Arnold Quick Takes: Happy Anniversary and Goodbye, Dave, Beretta’s Island

happyanniversaryandgoodbye_3Happy Anniversary and Goodbye (1974)
twohalfstar

Starring Lucille Ball, Art Carney, Nanette Fabray, Peter Marshall, Don Porter, Patricia Blair, Doria Cook-Nelson, Arnold Schwarzenegger
Directed by Jack Donohue

I’ve been a Lucille Ball fan for pretty much my whole life, but I’d never seen anything other than I Love Lucy and The Long, Long Trailer. Judging on Happy Anniversary and Goodbye, I don’t know that I was missing much. The hour-long TV special presents the story of Norma and Malcolm Michaels, a married couple who have exhausted about every shred of love their relationship once had. After the first scene, composed almost solely of yelling, name-calling and snide remarks, the couple has decided to divorce. The special punctuates this real-life drama with levity, but it often feels odd to laugh when this couple is at such a low point. I have a hard time imagining a similar special being made today.
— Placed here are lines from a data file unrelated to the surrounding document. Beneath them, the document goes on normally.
lemma gen_sigma_generators_Pow:
  "{X t -` B \<inter> space Omega | t B. t \<in> T \<and> B \<in> sets (borel :: real measure)} \<subseteq> Pow (space Omega)"
  by auto

lemma sigma_algebra_gen_sigma: "sigma_algebra (space Omega) (gen_sigma T)"
  unfolding gen_sigma_def by (rule sigma_algebra_sigma_sets[OF gen_sigma_generators_Pow])

lemma measurable_X: "X t \<in> Omega \<rightarrow>\<^sub>M borel"
proof -
  have "(\<lambda>\<omega>. \<omega> (t - 1)) \<in> Omega \<rightarrow>\<^sub>M restrict_space borel {0..1::real}"
    unfolding Omega_def by (rule measurable_component_singleton) simp
  then show ?thesis
    unfolding X_def[abs_def] using measurable_restrict_space2_iff by blast
qed

lemma gen_sigma_subset: "gen_sigma T \<subseteq> sets Omega"
  unfolding gen_sigma_def
  by (rule sets.sigma_sets_subset) (auto intro: measurable_sets[OF measurable_X])

lemma X_vimage_in_gen_sigma:
  "t \<in> T \<Longrightarrow> B \<in> sets borel \<Longrightarrow> X t -` B \<inter> space Omega \<in> gen_sigma T"
  unfolding gen_sigma_def by (rule sigma_sets.Basic) blast

lemma measurable_gen_sigma:
  assumes "sets N = gen_sigma T" "space N = space Omega" "f \<in> space M \<rightarrow> space Omega"
    and "\<And>t. t \<in> T \<Longrightarrow> (\<lambda>x. X t (f x)) \<in> borel_measurable M"
  shows "f \<in> M \<rightarrow>\<^sub>M N"
proof -
  let ?G = "{X t -` B \<inter> space Omega | t B. t \<in> T \<and> B \<in> sets (borel :: real measure)}"
  have "f \<in> M \<rightarrow>\<^sub>M sigma (space Omega) ?G"
  proof (rule measurable_measure_of[OF gen_sigma_generators_Pow assms(3)])
    fix A assume "A \<in> ?G"
    then obtain t B where "t \<in> T" "B \<in> sets borel" "A = X t -` B \<inter> space Omega"
      by blast
    moreover have "f -` (X t -` B \<inter> space Omega) \<inter> space M = (\<lambda>x. X t (f x)) -` B \<inter> space M"
      using assms(3) by auto
    ultimately show "f -` A \<inter> space M \<in> sets M"
      using assms(4) measurable_sets by metis
  qed
  moreover have "sets (sigma (space Omega) ?G) = sets N"
    using assms(1) gen_sigma_generators_Pow by (simp add: gen_sigma_def)
  ultimately show ?thesis
    using measurable_cong_sets by blast
qed

lemma finite_cube_idx: "finite (cube_idx k l)"
  by (auto simp: cube_idx_def intro!: finite_PiE)

lemma cube_event_subset_space: "cube_event s k l a \<subseteq> space Omega"
  by (auto simp: cube_event_def)

lemma cube_event_in_gen_sigma:
  assumes "{s..<s + k} \<subseteq> T"
  shows "cube_event s k l a \<in> gen_sigma T"
  using assms
proof (induction k)
  case 0
  have "cube_event s 0 l a = space Omega"
    by (auto simp: cube_event_def)
  then show ?case
    unfolding gen_sigma_def by (simp add: sigma_sets_top)
next
  case (Suc k)
  interpret sigma_algebra "space Omega" "gen_sigma T"
    by (rule sigma_algebra_gen_sigma)
  have "cube_event s k l a \<in> gen_sigma T"
    using Suc by force
  moreover have "X (s + k) -` dyadic l (a k) \<inter> space Omega \<in> gen_sigma T"
    using Suc.prems dyadic_borel by (intro X_vimage_in_gen_sigma) auto
  ultimately have "cube_event s k l a \<inter> (X (s + k) -` dyadic l (a k) \<inter> space Omega) \<in> gen_sigma T"
    by (rule Int)
  moreover have "cube_event s (Suc k) l a
      = cube_event s k l a \<inter> (X (s + k) -` dyadic l (a k) \<inter> space Omega)"
    by (auto simp: cube_event_def less_Suc_eq)
  ultimately show ?case
    by simp
qed

lemma mem_cube_event_dyadic_iff:
  assumes "\<omega> \<in> cube_event s k l a" "a \<in> cube_idx k l" "r < k" "i < 2^l"
  shows "X (s + r) \<omega> \<in> dyadic l i \<longleftrightarrow> i = a r"
proof -
  have "a r < 2^l" "X (s + r) \<omega> \<in> dyadic l (a r)"
    using assms(1-3) by (auto simp: cube_event_def cube_idx_def)
  then show ?thesis
    using dyadic_unique[OF assms(4)] by blast
qed

lemma ex_cube_event:
  assumes "\<omega> \<in> space Omega"
  obtains a where "a \<in> cube_idx k l" "\<omega> \<in> cube_event s k l a"
proof -
  have "\<forall>r. \<exists>i<2^l. X (s + r) \<omega> \<in> dyadic l i"
    using ex_dyadic X_bounds[OF assms] by metis
  then obtain f where f: "\<And>r. f r < 2^l \<and> X (s + r) \<omega> \<in> dyadic l (f r)"
    by metis
  show ?thesis
    using f assms by (intro that[of "restrict f {0..<k}"]) (auto simp: cube_idx_def cube_event_def)
qed

lemma cube_event_disjoint:
  assumes "a \<in> cube_idx k l" "a' \<in> cube_idx k l" "a \<noteq> a'"
  shows "cube_event s k l a \<inter> cube_event s k l a' = {}"
proof -
  obtain r where "a r \<noteq> a' r"
    using assms(3) by blast
  then have "r < k"
    using assms(1,2) unfolding cube_idx_def by (metis PiE_arb atLeastLessThan_iff zero_le)
  then have "a' r < 2^l"
    using assms(2) by (auto simp: cube_idx_def)
  have False if "\<omega> \<in> cube_event s k l a" "\<omega> \<in> cube_event s k l a'" for \<omega>
  proof -
    have "X (s + r) \<omega> \<in> dyadic l (a' r)"
      using mem_cube_event_dyadic_iff[OF that(2) assms(2) \<open>r < k\<close> \<open>a' r < 2^l\<close>] by simp
    then show False
      using mem_cube_event_dyadic_iff[OF that(1) assms(1) \<open>r < k\<close> \<open>a' r < 2^l\<close>] \<open>a r \<noteq> a' r\<close>
      by simp
  qed
  then show ?thesis
    by blast
qed

lemma cube_event_subset_ancestor:
  assumes "k \<le> k'" "l \<le> l'" "a' \<in> cube_idx k' l'"
  obtains a where "a \<in> cube_idx k l" "cube_event s k' l' a' \<subseteq> cube_event s k l a"
proof
  let ?a = "restrict (\<lambda>r. a' r div 2^(l'-l)) {0..<k}"
  have a': "a' r < 2^l'" if "r < k'" for r
    using assms(3) that by (auto simp: cube_idx_def)
  show "?a \<in> cube_idx k l"
    using dyadic_subset_ancestor(2)[OF assms(2) a'] assms(1) by (auto simp: cube_idx_def)
  show "cube_event s k' l' a' \<subseteq> cube_event s k l ?a"
  proof
    fix \<omega> assume "\<omega> \<in> cube_event s k' l' a'"
    have "X (s + r) \<omega> \<in> dyadic l (?a r)" if "r < k" for r
    proof -
      have "r < k'"
        using that assms(1) by simp
      then have "X (s + r) \<omega> \<in> dyadic l' (a' r)"
        using \<open>\<omega> \<in> cube_event s k' l' a'\<close> by (simp add: cube_event_def)
      then show ?thesis
        using dyadic_subset_ancestor(1)[OF assms(2) a'[OF \<open>r < k'\<close>]] that by auto
    qed
    then show "\<omega> \<in> cube_event s k l ?a"
      using \<open>\<omega> \<in> cube_event s k' l' a'\<close> by (simp add: cube_event_def)
  qed
qed

section \<open>Approximation by a generating algebra\<close>

lemma (in finite_measure) abs_measure_diff_le_measure_sym_diff:
  assumes "A \<in> sets M" "B \<in> sets M"
  shows "\<bar>measure M A - measure M B\<bar> \<le> measure M (sym_diff A B)"
proof -
  have "measure M A \<le> measure M (B \<union> sym_diff A B)" "measure M B \<le> measure M (A \<union> sym_diff A B)"
    using assms by (auto intro!: finite_measure_mono)
  moreover have "measure M (B \<union> sym_diff A B) \<le> measure M B + measure M (sym_diff A B)"
    "measure M (A \<union> sym_diff A B) \<le> measure M A + measure M (sym_diff A B)"
    using assms by (auto intro!: measure_Un_le)
  ultimately show ?thesis
    by linarith
qed

lemma (in finite_measure) measure_tail_tendsto_0:
  assumes "range A \<subseteq> sets M"
  shows "(\<lambda>n. measure M ((\<Union>i. A i) - (\<Union>i<n. A i))) \<longlonglongrightarrow> 0"
proof -
  have "(\<lambda>n. measure M ((\<Union>i. A i) - (\<Union>i<n. A i))) \<longlonglongrightarrow> measure M (\<Inter>n. (\<Union>i. A i) - (\<Union>i<n. A i))"
    using assms by (intro finite_Lim_measure_decseq) (auto simp: decseq_def)
  moreover have "(\<Inter>n. (\<Union>i. A i) - (\<Union>i<n. A i)) = {}"
    by (auto simp: lessThan_def)
  ultimately show ?thesis
    by (metis measure_empty)
qed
Their personal journeys while separated are much more successful, though, with some classic-styled Lucy antics and a cameo from Arnold Schwarzenegger at nearly the start of his career. I doubt anyone involved thought his acting career would amount to much, as his usual spark is missing completely. It’s still fun to see him at his rippling, bodybuilding peak. This one can surely be skipped, but as a fan of Lucy, Art Carney and Arnold, I did enjoy it overall.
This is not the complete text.